What is not widely discussed or analyzed is the growing concentration of video traffic into fewer distribution points (video oriented websites, mobile video applications…) and into a smaller number of highly popular videos. It is true that the ever-growing list of video-oriented websites and do-it-yourself video uploading services creates a "long-tail" of video content. For example, over 20 million videos are uploaded to Facebook every month. While this "long tail" is likely to grow longer and comprise more diverse content, what is also occurring is that the traffic volume is concentrating in a smaller percentage of the most-popular videos that are viewed over and over. This trend in concentration of video content is evident in some compelling statistics, including most recently the U.S. Super Bowl Championship on February 6th, 2011, which generated over 20 million viewings of the Volkswagen: Darth Vader advertisement on YouTube in just 6 days. This included over 2.8M viewings from mobile devices. In addition, the top requested BBC iPlayer show in 2010 ("Dr. Who" episode 1) was streamed 2.2 million times, while Netflix in the U.S. represents 20% of the primetime internet traffic on any given day.

In addition to these industry statistics, our investigations into mobile broadband traffic patterns illustrate this trend clearly.
| Summary results from Backhaul traffic study of an HSPA network: |
| 2009 |
10% of video objects |
40% of video traffic |
| 2010 |
10% of video objects |
65% of video traffic |
| 2009 |
1% of website domains |
60% of video traffic |
| 2010 |
1% of website domains |
90% of video traffic |

We believe there are several market factors driving the video concentration trend in mobile broadband, including:
- Rapid adoption of high-definition video screens on smartphone and mobile tablet devices
- More professional videos from traditional media outlets targeting mobile users - higher quality, highly promoted
- Long form content - Movies, TV shows, sports
- Short form content - Webisodes, news clips, music videos
- Online Advertising - highly repeated, short clips, embedded in other content
- Promotion of popular videos (rapid feedback loops)
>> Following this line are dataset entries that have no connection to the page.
(* Let $G=SL(2,\mathbb{C})$, let $\Gamma$ be a finitely generated group with fixed generators $\bar{\epsilon}_1,\dots,\bar{\epsilon}_n$, let $\rho:\Gamma\to G$ be a representation and $A=(A_1,\dots,A_n)=(\rho(\bar{\epsilon}_1),\dots,\rho(\bar{\epsilon}_n))\in G^{\times n}$. The following are equivalent: (i) $A$ is stable; (ii) there exist $1\le j,k,l\le n$ such that $(\rho(\bar{\epsilon}_j),\rho(\bar{\epsilon}_k),\rho(\bar{\epsilon}_l))\in G^{\times3}$ is stable; (iii) there exist $1\le j,k,l\le n$ such that $\sigma_{jk}(A)\neq0$ or $\Delta_{jkl}(A)\neq0$; (iv) $A$ is not similar to an upper triangular $n$-matrix; (v) $\rho$ is irreducible.
   Context: $G$ acts on $G^{\times n}$ by simultaneous conjugation $g\cdot A=(gA_1g^{-1},\dots,gA_ng^{-1})$; a point is stable if its orbit map $G\to G^{\times n}$ is proper. Similar means conjugate by a common element of $GL(2,\mathbb{C})$; upper triangular $n$-matrix means all components upper triangular. $\sigma_{jk}(A)=\mathsf{tr}(A_jA_kA_j^{-1}A_k^{-1})-2$ and $\Delta_{jkl}(A)=(\mathsf{tr}(A_jA_kA_l)-\mathsf{tr}(A_lA_kA_j))^2$. $\rho$ is irreducible if no proper nonzero subspace of $\mathbb{C}^2$ is invariant under $\rho(\Gamma)$. *)

theory Defs
  imports "HOL-Analysis.Analysis" "HOL-Algebra.Group" "HOL-Algebra.Generated_Groups"
begin

type_synonym cmat2 = "complex^2^2"

definition SL2 :: "cmat2 set" where
  "SL2 = {M. det M = 1}"

definition SL2_group :: "cmat2 monoid" where
  "SL2_group = \<lparr>carrier = SL2, mult = (**), one = mat 1\<rparr>"

definition SL2_tuples :: "(cmat2^'n) set" where
  "SL2_tuples = {A. \<forall>i. A $ i \<in> SL2}"

definition conj_act :: "cmat2 \<Rightarrow> cmat2^'n \<Rightarrow> cmat2^'n" where
  "conj_act g A = (\<chi> i. g ** A $ i ** matrix_inv g)"

definition stable :: "cmat2^'n \<Rightarrow> bool" where
  "stable A \<longleftrightarrow> proper_map (top_of_set SL2) (top_of_set SL2_tuples) (\<lambda>g. conj_act g A)"

definition triple :: "'a \<Rightarrow> 'a \<Rightarrow> 'a \<Rightarrow> 'a^3" where
  "triple a b c = (\<chi> t. if t = 0 then a else if t = 1 then b else c)"

definition sigma :: "cmat2^'n \<Rightarrow> 'n \<Rightarrow> 'n \<Rightarrow> complex" where
  "sigma A j k = trace (A$j ** A$k ** matrix_inv (A$j) ** matrix_inv (A$k)) - 2"

definition Delta :: "cmat2^'n \<Rightarrow> 'n \<Rightarrow> 'n \<Rightarrow> 'n \<Rightarrow> complex" where
  "Delta A j k l = (trace (A$j ** A$k ** A$l) - trace (A$l ** A$k ** A$j))^2"

definition upper_triangular2 :: "cmat2 \<Rightarrow> bool" where
  "upper_triangular2 M \<longleftrightarrow> (\<forall>i j. j < i \<longrightarrow> M $ i $ j = 0)"

definition similar_upper_triangular :: "cmat2^'n \<Rightarrow> bool" where
  "similar_upper_triangular A \<longleftrightarrow>
     (\<exists>P::cmat2. invertible P \<and> (\<forall>i. upper_triangular2 (P ** A $ i ** matrix_inv P)))"

definition irreducible_rep :: "('g, 'b) monoid_scheme \<Rightarrow> ('g \<Rightarrow> cmat2) \<Rightarrow> bool" where
  "irreducible_rep \<Gamma> \<rho> \<longleftrightarrow>
     \<not> (\<exists>V :: (complex^2) set. vec.subspace V \<and> V \<noteq> {0} \<and> V \<noteq> UNIV \<and>
          (\<forall>x\<in>carrier \<Gamma>. \<forall>v\<in>V. \<rho> x *v v \<in> V))"

end

theory Submission
  imports Defs
begin

text \<open>Everything reduces to whether the matrices \<open>A\<^sub>i\<close> have a common eigenvector.
  Such a vector spans an invariant line, which is the same as reducibility of \<open>\<rho>\<close>, and
  moving it to a coordinate axis triangularises all \<open>A\<^sub>i\<close> at once. If the \<open>A\<^sub>i\<close> have no
  common eigenvector, three of them already have none, because a matrix fixing three pairwise
  independent lines is scalar. For \<open>X, Y \<in> SL(2,\<complex>)\<close> one has \<open>tr [X,Y] = 2\<close> iff \<open>X\<close> and
  \<open>Y\<close> share an eigenvector; if three matrices share eigenvectors pairwise but not jointly,
  moving two of these eigenlines to the axes gives \<open>tr (XYZ) - tr (ZYX) \<noteq> 0\<close> explicitly.
  Finally, the orbit map is proper iff conjugators keeping the orbit in a compact set are
  bounded. A common eigenvector yields diverging diagonal conjugators with this property;
  conversely, normalising diverging conjugators produces in the limit a nonzero singular
  matrix that intertwines \<open>A\<close> with a point of the orbit closure, and its kernel is a common
  eigenline.\<close>

section \<open>Two-by-two matrices\<close>

type_synonym 'a mat2 = "'a^2^2"

lemma matrix_mult_2_nth:
  "((A::'a::comm_semiring_1 mat2) ** B)$i$j = A$i$1 * B$1$j + A$i$2 * B$2$j"
  by (simp add: matrix_matrix_mult_def sum_2)

lemma matrix_vector_mult_2_nth:
  "((A::'a::comm_semiring_1 mat2) *v v)$i = A$i$1 * v$1 + A$i$2 * v$2"
  by (simp add: matrix_vector_mult_def sum_2)

lemma mat_2_nth: "(mat a :: 'a::zero mat2)$i$j = (if i = j then a else 0)"
  by (simp add: mat_def)

lemma vec2_eq_iff: "(v::'a^2) = w \<longleftrightarrow> v$1 = w$1 \<and> v$2 = w$2"
  by (auto simp add: vec_eq_iff forall_2)

lemma mat2_eq_iff:
  "(A::'a mat2) = B \<longleftrightarrow> A$1$1 = B$1$1 \<and> A$1$2 = B$1$2 \<and> A$2$1 = B$2$1 \<and> A$2$2 = B$2$2"
  by (auto simp add: vec_eq_iff forall_2)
- "Top Video" lists from sites like YouTube, BBC, CNN, Yahoo, Netflix, Amazon, and LOVEFilm
- Video-specific applications for devices that concentrate content (Netflix application on iPad, BBC iPlayer application…)
- Social Networks promote video sharing that creates "Flash" events with multiple streams of the same video. The Volkswagen: Darth Vader video was referred by Facebook users over 4M times.
These important trends suggest there may be ways of exploiting video traffic concentration to better design and optimize mobile broadband networks. Technologies such as video caching, content distribution networks (CDNs) and adaptive content optimization will become more effective at reducing the effect of video growth on network congestion and customer experience. In addition, mobile operators need to evolve their networks and services to better support high quality, high demand video services by developing smarter distribution networks.